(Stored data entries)
(* Let $\delta,\lambda>0$ and let $S$ be the inverse Gaussian subordinator with Laplace exponent $\phi(s)=\delta\left(\sqrt{2s+\lambda^2}-\lambda\right)$, i.e. $\mathbb{E}[e^{-sS(t)}]=e^{-t\phi(s)}$. Let $u$ be the potential density of $S$. Then \begin{enumerate} \item $u(x)\sim \dfrac{1}{\delta\sqrt{2\pi x}}$ as $x\to 0^+$; \item $u(x)\sim \dfrac{\lambda}{\delta}$ as $x\to\infty$. \end{enumerate}
   Context: The potential measure of a subordinator $S$ is $U(A)=\mathbb{E}\left[\int_0^\infty \mathbf{1}_{\{S(t)\in A\}}\,dt\right]$ for Borel $A\subset(0,\infty)$; its density $u$ (potential density) satisfies $\int_0^\infty e^{-sx}u(x)\,dx=1/\phi(s)$. $f\sim g$ means $f/g\to1$. *)

theory Defs
  imports "HOL-Probability.Probability" "HOL-Library.Landau_Symbols"
begin

definition ig_exponent :: "real \<Rightarrow> real \<Rightarrow> real \<Rightarrow> real" where
  "ig_exponent \<delta> lam s = \<delta> * (sqrt (2 * s + lam\<^sup>2) - lam)"

definition potential_measure :: "'a measure \<Rightarrow> (real \<Rightarrow> 'a \<Rightarrow> real) \<Rightarrow> real set \<Rightarrow> ennreal" where
  "potential_measure M S A =
     (\<integral>\<^sup>+ \<omega>. (\<integral>\<^sup>+ t\<in>{0..}. indicator A (S t \<omega>) \<partial>lborel) \<partial>M)"

end

(*
  With r = sqrt (2 s + lam^2) the reciprocal of the Laplace exponent splits as
    1 / phi(s) = (r + lam) / (2 delta s) = (1/r + lam/(2s) + lam^2/(2 s r)) / delta,
  and each summand is an explicit Laplace transform: 1/r that of
  g(x) = exp(-lam^2 x / 2) / sqrt(2 pi x), 1/s that of the constant 1, and 1/(s r)
  that of G(x) = int_0^x g.  On the other hand Tonelli and S t > 0 a.s. show that the
  potential density u also has Laplace transform 1/phi.  Laplace transforms determine
  continuous functions (Stone-Weierstrass in the variable exp(-x)), so
  u = (g + lam/2 + lam^2/2 G) / delta on (0, oo).  Near 0 the term g dominates; at
  infinity g -> 0 and G -> 1/lam, whence u -> lam/delta.
*)
theory Submission
  imports Defs "HOL-Real_Asymp.Real_Asymp"
begin

text \<open>Being an \<open>ennreal\<close>-valued integral, this is only meaningful for \<open>f\<close> nonnegative on \<open>(0, \<infinity>)\<close>.\<close>
definition laplace_transform :: "(real \<Rightarrow> real) \<Rightarrow> real \<Rightarrow> ennreal" where
  "laplace_transform f s = (\<integral>\<^sup>+ x. indicator {0<..} x * ennreal (exp (- s * x) * f x) \<partial>lborel)"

Task statement >>
Go through the data above and return every line exactly.

Exercise result >>
(* Let $\delta,\lambda>0$ and let $S$ be the inverse Gaussian subordinator with Laplace exponent $\phi(s)=\delta\left(\sqrt{2s+\lambda^2}-\lambda\right)$, i.e. $\mathbb{E}[e^{-sS(t)}]=e^{-t\phi(s)}$. Let $u$ be the potential density of $S$. Then \begin{enumerate} \item $u(x)\sim \dfrac{1}{\delta\sqrt{2\pi x}}$ as $x\to 0^+$; \item $u(x)\sim \dfrac{\lambda}{\delta}$ as $x\to\infty$. \end{enumerate}
   Context: The potential measure of a subordinator $S$ is $U(A)=\mathbb{E}\left[\int_0^\infty \mathbf{1}_{\{S(t)\in A\}}\,dt\right]$ for Borel $A\subset(0,\infty)$; its density $u$ (potential density) satisfies $\int_0^\infty e^{-sx}u(x)\,dx=1/\phi(s)$. $f\sim g$ means $f/g\to1$. *)

theory Defs
  imports "HOL-Probability.Probability" "HOL-Library.Landau_Symbols"
begin

definition ig_exponent :: "real \<Rightarrow> real \<Rightarrow> real \<Rightarrow> real" where
  "ig_exponent \<delta> lam s = \<delta> * (sqrt (2 * s + lam\<^sup>2) - lam)"

definition potential_measure :: "'a measure \<Rightarrow> (real \<Rightarrow> 'a \<Rightarrow> real) \<Rightarrow> real set \<Rightarrow> ennreal" where
  "potential_measure M S A =
     (\<integral>\<^sup>+ \<omega>. (\<integral>\<^sup>+ t\<in>{0..}. indicator A (S t \<omega>) \<partial>lborel) \<partial>M)"

end

(*
  With r = sqrt (2 s + lam^2) the reciprocal of the Laplace exponent splits as
    1 / phi(s) = (r + lam) / (2 delta s) = (1/r + lam/(2s) + lam^2/(2 s r)) / delta,
  and each summand is an explicit Laplace transform: 1/r that of
  g(x) = exp(-lam^2 x / 2) / sqrt(2 pi x), 1/s that of the constant 1, and 1/(s r)
  that of G(x) = int_0^x g.  On the other hand Tonelli and S t > 0 a.s. show that the
  potential density u also has Laplace transform 1/phi.  Laplace transforms determine
  continuous functions (Stone-Weierstrass in the variable exp(-x)), so
  u = (g + lam/2 + lam^2/2 G) / delta on (0, oo).  Near 0 the term g dominates; at
  infinity g -> 0 and G -> 1/lam, whence u -> lam/delta.
*)
theory Submission
  imports Defs "HOL-Real_Asymp.Real_Asymp"
begin

text \<open>Being an \<open>ennreal\<close>-valued integral, this is only meaningful for \<open>f\<close> nonnegative on \<open>(0, \<infinity>)\<close>.\<close>
definition laplace_transform :: "(real \<Rightarrow> real) \<Rightarrow> real \<Rightarrow> ennreal" where
  "laplace_transform f s = (\<integral>\<^sup>+ x. indicator {0<..} x * ennreal (exp (- s * x) * f x) \<partial>lborel)"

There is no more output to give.